Plaintiff property owner brought an action against defendant railway to recover damages for injuries sustained by the destruction by a fire of mare, colt, corn, oats, wheat, hay, and outbuildings and fences. He alleged that the fire was set by the emitting coals and sparks from a locomotive engine passing over the railway's railroad and by reason of the negligence and carelessness of the railway. The lower court entered judgment for the property owner. The railway, which was now the plaintiff in error, appealed.
Was the injury too remote to constitute a negligence cause of action against defendant railway, thus, rendering the lower court’s judgment in favor of the property owner erroneous?
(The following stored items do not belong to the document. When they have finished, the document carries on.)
(* Let $B$ be a Poisson algebra over a field $k$ of characteristic zero, $\alpha$ a Poisson derivation of $B$, and $A=B[x^{\pm1};\alpha]_p$. Assume that $\alpha$ extends to a derivation $\hat\alpha$ of $A$ with $\hat\alpha(x)=sx$ for some nonzero $s\in k$. Then every $\hat\alpha$-stable Poisson prime ideal of $A$ is induced from a Poisson prime ideal of $B$, i.e. has the form $QA=Q[x^{\pm1}]$ for a Poisson prime ideal $Q$ of $B$.
   Context: A Poisson derivation of a Poisson algebra $B$ is a $k$-linear map that is a derivation for both the multiplication and the Poisson bracket. $B[x^{\pm1};\alpha]_p$ denotes the Laurent polynomial ring $B[x^{\pm1}]$ with the unique Poisson bracket extending that of $B$ and satisfying $\{x,b\}=\alpha(b)x$ for $b\in B$. A Poisson prime ideal is a prime ideal $P$ with $\{A,P\}\subseteq P$. *)

theory Defs
  imports Main "HOL-Library.Poly_Mapping"
begin

(* A k-algebra structure on a commutative ring 'r is a unital ring homomorphism k -> 'r. *)
definition k_alg_hom :: "('k::field \<Rightarrow> 'r::comm_ring_1) \<Rightarrow> bool" where
  "k_alg_hom \<iota> \<longleftrightarrow> \<iota> 1 = 1 \<and> (\<forall>c d. \<iota> (c + d) = \<iota> c + \<iota> d) \<and> (\<forall>c d. \<iota> (c * d) = \<iota> c * \<iota> d)"

definition k_linear :: "('k::field \<Rightarrow> 'r::comm_ring_1) \<Rightarrow> ('r \<Rightarrow> 'r) \<Rightarrow> bool" where
  "k_linear \<iota> f \<longleftrightarrow> (\<forall>a b. f (a + b) = f a + f b) \<and> (\<forall>c a. f (\<iota> c * a) = \<iota> c * f a)"

definition poisson_algebra :: "('k::field \<Rightarrow> 'r::comm_ring_1) \<Rightarrow> ('r \<Rightarrow> 'r \<Rightarrow> 'r) \<Rightarrow> bool" where
  "poisson_algebra \<iota> br \<longleftrightarrow> k_alg_hom \<iota>
     \<and> (\<forall>a. k_linear \<iota> (\<lambda>b. br a b)) \<and> (\<forall>b. k_linear \<iota> (\<lambda>a. br a b))
     \<and> (\<forall>a. br a a = 0)
     \<and> (\<forall>a b c. br a (br b c) + br b (br c a) + br c (br a b) = 0)
     \<and> (\<forall>a b c. br a (b * c) = br a b * c + b * br a c)"

definition k_derivation :: "('k::field \<Rightarrow> 'r::comm_ring_1) \<Rightarrow> ('r \<Rightarrow> 'r) \<Rightarrow> bool" where
  "k_derivation \<iota> d \<longleftrightarrow> k_linear \<iota> d \<and> (\<forall>a b. d (a * b) = d a * b + a * d b)"

definition poisson_derivation :: "('k::field \<Rightarrow> 'r::comm_ring_1) \<Rightarrow> ('r \<Rightarrow> 'r \<Rightarrow> 'r) \<Rightarrow> ('r \<Rightarrow> 'r) \<Rightarrow> bool" where
  "poisson_derivation \<iota> br d \<longleftrightarrow> k_derivation \<iota> d \<and> (\<forall>a b. d (br a b) = br (d a) b + br a (d b))"

definition is_ideal :: "'r::comm_ring_1 set \<Rightarrow> bool" where
  "is_ideal I \<longleftrightarrow> 0 \<in> I \<and> (\<forall>a\<in>I. \<forall>b\<in>I. a + b \<in> I) \<and> (\<forall>r. \<forall>a\<in>I. r * a \<in> I)"

definition prime_ideal :: "'r::comm_ring_1 set \<Rightarrow> bool" where
  "prime_ideal P \<longleftrightarrow> is_ideal P \<and> P \<noteq> UNIV \<and> (\<forall>a b. a * b \<in> P \<longrightarrow> a \<in> P \<or> b \<in> P)"

definition poisson_prime_ideal :: "('r::comm_ring_1 \<Rightarrow> 'r \<Rightarrow> 'r) \<Rightarrow> 'r set \<Rightarrow> bool" where
  "poisson_prime_ideal br P \<longleftrightarrow> prime_ideal P \<and> (\<forall>a. \<forall>p\<in>P. br a p \<in> P)"

(* Laurent polynomials B[x^{\<pm>1}] are represented as finitely supported maps int \<Rightarrow>\<^sub>0 B *)
definition lconst :: "'b::comm_ring_1 \<Rightarrow> (int \<Rightarrow>\<^sub>0 'b)" where
  "lconst b = Poly_Mapping.single 0 b"

definition lvar :: "int \<Rightarrow>\<^sub>0 'b::comm_ring_1" where
  "lvar = Poly_Mapping.single 1 1"

(* Q[x^{\<pm>1}] = QA: Laurent polynomials all of whose coefficients lie in Q *)
definition laurent_ext :: "'b::comm_ring_1 set \<Rightarrow> (int \<Rightarrow>\<^sub>0 'b) set" where
  "laurent_ext Q = {f. \<forall>n. Poly_Mapping.lookup f n \<in> Q}"

end

theory Submission
  imports Defs
begin

text \<open>
  The operator \<open>D = \<alpha>h - x\<^sup>-\<^sup>1{x,-}\<close> is a derivation that vanishes on \<open>B\<close>
  (because \<open>{x,b} = \<alpha>(b)x\<close>) and sends \<open>x\<close> to \<open>sx\<close>; hence it multiplies
  \<open>bx\<^sup>n\<close> by \<open>ns\<close>. An \<open>\<alpha>h\<close>-stable Poisson ideal is \<open>D\<close>-stable, and since the
  eigenvalues \<open>ns\<close> are pairwise distinct units of \<open>k\<close>, subtracting \<open>ms\<close> times an element
  kills its degree-\<open>m\<close> term; induction on the support then shows that the ideal contains
  all homogeneous components of its elements. As \<open>x\<close> is a unit, such an ideal is
  \<open>Q[x\<^sup>\<plusminus>\<^sup>1]\<close> for its contraction \<open>Q\<close>, which is a Poisson prime of \<open>B\<close>.
\<close>

lemma poly_mapping_single_add_induct [case_names zero single_add]:
  assumes "P 0"
    and "\<And>f a b. a \<notin> Poly_Mapping.keys f \<Longrightarrow> b \<noteq> 0 \<Longrightarrow> P f \<Longrightarrow> P (Poly_Mapping.single a b + f)"
  shows "P f"
proof (induction f rule: update_induct)
  case const
  show ?case by (rule assms(1))
next
  case (update f a b)
  have "Poly_Mapping.update a b f = Poly_Mapping.single a b + f"
    using update.hyps(1)
    by (intro poly_mapping_eqI) (auto simp: lookup_update lookup_add lookup_single in_keys_iff when_def)
  with assms(2) update show ?case by simp
qed

lemma lookup_single_zero_mult:
  "Poly_Mapping.lookup (Poly_Mapping.single 0 c * f) n = c * Poly_Mapping.lookup f n"
  for f :: "'a::comm_monoid_add \<Rightarrow>\<^sub>0 'b::comm_ring_1"
  by (simp add: mult_map_scale_conv_mult[symmetric] map.rep_eq when_def)

lemma lookup_diagonal_additive:
  fixes D :: "('a \<Rightarrow>\<^sub>0 'b::ring) \<Rightarrow> ('a \<Rightarrow>\<^sub>0 'b)"
  assumes add: "\<And>f g. D (f + g) = D f + D g"
    and single: "\<And>n b. D (Poly_Mapping.single n b) = Poly_Mapping.single n (w n * b)"
  shows "Poly_Mapping.lookup (D f) n = w n * Poly_Mapping.lookup f n"
proof (induction f rule: poly_mapping_single_add_induct)
  case zero
  have "D 0 = 0" using add[of 0 0] by simp
  then show ?case by simp
next
  case (single_add f a b)
  then show ?case
    by (simp add: add single lookup_add lookup_single when_def distrib_left)
qed

lemma is_ideal_diff: "is_ideal I \<Longrightarrow> a \<in> I \<Longrightarrow> b \<in> I \<Longrightarrow> a - b \<in> I"
  unfolding is_ideal_def by (metis diff_conv_add_uminus mult_minus1)

lemma k_alg_hom_dvd_one:
  assumes "k_alg_hom \<iota>" and "c \<noteq> 0"
  shows "\<iota> c dvd 1"
proof (rule dvdI)
  show "1 = \<iota> c * \<iota> (inverse c)"
    using assms by (metis k_alg_hom_def right_inverse)
qed

lemma k_alg_hom_of_int:
  assumes "k_alg_hom \<iota>"
  shows "\<iota> (of_int n) = of_int n"
proof -
  have add: "\<iota> (a + b) = \<iota> a + \<iota> b" for a b using assms by (simp add: k_alg_hom_def)
  have diff: "\<iota> (a - b) = \<iota> a - \<iota> b" for a b by (metis add add_diff_cancel diff_add_cancel)
  show ?thesis
    using assms by (induction n rule: int_induct[where k=0]) (simp_all add: k_alg_hom_def add diff diff[of 0 0, simplified])
qed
The appellate court affirmed the judgment in favor of defendant in error property owner. The verdict was sustained by sufficient evidence, and the trial court did not err in refusing to set aside the verdict of the jury and granting a new trial. The property owner showed that one of the railway's engines caused one or more fires and that ordinary engines do not ordinarily produce such a result. Thus, he made out a prima facie case of negligence. The injury was not too remote to constitute a cause of action. The jury instructions given by the lower court were substantially correct. There was no error in permitting evidence with regard to the value of corn to go to the jury.